(* Assume the standing assumptions in the context. Let $S\subsetneq S^*$ and $k=|S|$. Then $$\inf_{\alpha\in\mathbb{R},\,i\in S^*\setminus S}\mathbb{E}\Big[\big(x^\top\beta^S+\alpha\beta^*_ix_i-y\big)^2\Big]\le\mathbb{E}\big[(x^\top\beta^S-y)^2\big]-\frac{1}{s^*-k}\,\frac{\rho}{L}\,\mathbb{E}\Big[\big(x^\top(\beta^*-\beta^S)\big)^2\Big].$$
   Context: Standing assumptions: $(x,y)$ random with $x\in\mathbb{R}^d$, $y\in\mathbb{R}$; $\mathbb{E}[x]=0$; $y=\langle\beta^*,x\rangle+\epsilon$ with $\mathbb{E}[\epsilon\mid x]=0$; $S^*=\mathrm{supp}(\beta^* )$, $s^*=|S^*|$; $\Sigma$ the covariance of $x$, $\Sigma_F$ its principal submatrix on $F$; there are $0<\rho\le L$ with all eigenvalues of $\Sigma_F$ in $[\rho,L]$ for all $|F|=s^*$; for $|F|=s^*$, $\mu_F:=\max_{j\notin F}\|\Sigma_F^{-1}\mathrm{Cov}(x_F,x_j)\|_1<1$; $|y|<1$ and $\|x\|_\infty<M$ almost surely. $\mathcal{R}(\beta)=\mathbb{E}[(y-\langle x,\beta\rangle)^2]$ and $\beta^S=\arg\min_{\mathrm{supp}(\beta)\subseteq S}\mathcal{R}(\beta)$. *)

theory Defs
  imports "HOL-Probability.Probability"
begin

definition supp :: "('d \<Rightarrow> real) \<Rightarrow> 'd set" where
  "supp b = {j. b j \<noteq> 0}"

definition lin :: "('d::finite \<Rightarrow> real) \<Rightarrow> ('w \<Rightarrow> 'd \<Rightarrow> real) \<Rightarrow> 'w \<Rightarrow> real" where
  "lin b X w = (\<Sum>j\<in>UNIV. b j * X w j)"

definition covm :: "'w measure \<Rightarrow> ('w \<Rightarrow> 'd \<Rightarrow> real) \<Rightarrow> 'd \<Rightarrow> 'd \<Rightarrow> real" where
  "covm M X j k = (\<integral>w. (X w j - (\<integral>v. X v j \<partial>M)) * (X w k - (\<integral>v. X v k \<partial>M)) \<partial>M)"

definition eigval_on :: "('d \<Rightarrow> 'd \<Rightarrow> real) \<Rightarrow> 'd set \<Rightarrow> real \<Rightarrow> bool" where
  "eigval_on A F mu \<longleftrightarrow>
     (\<exists>v. (\<exists>i\<in>F. v i \<noteq> 0) \<and> (\<forall>i\<in>F. (\<Sum>k\<in>F. A i k * v k) = mu * v i))"

definition risk :: "'w measure \<Rightarrow> ('w \<Rightarrow> 'd::finite \<Rightarrow> real) \<Rightarrow> ('w \<Rightarrow> real) \<Rightarrow> ('d \<Rightarrow> real) \<Rightarrow> real" where
  "risk M X Y b = (\<integral>w. (Y w - lin b X w)^2 \<partial>M)"

end

theory Submission
  imports Defs
begin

========

• [TASK INSTRUCTIONS] Take from the entries every line that has the string "noteq".

• [SOLUTION FOR THIS TASK]
  "supp b = {j. b j \<noteq> 0}"
     (\<exists>v. (\<exists>i\<in>F. v i \<noteq> 0) \<and> (\<forall>i\<in>F. (\<Sum>k\<in>F. A i k * v k) = mu * v i))"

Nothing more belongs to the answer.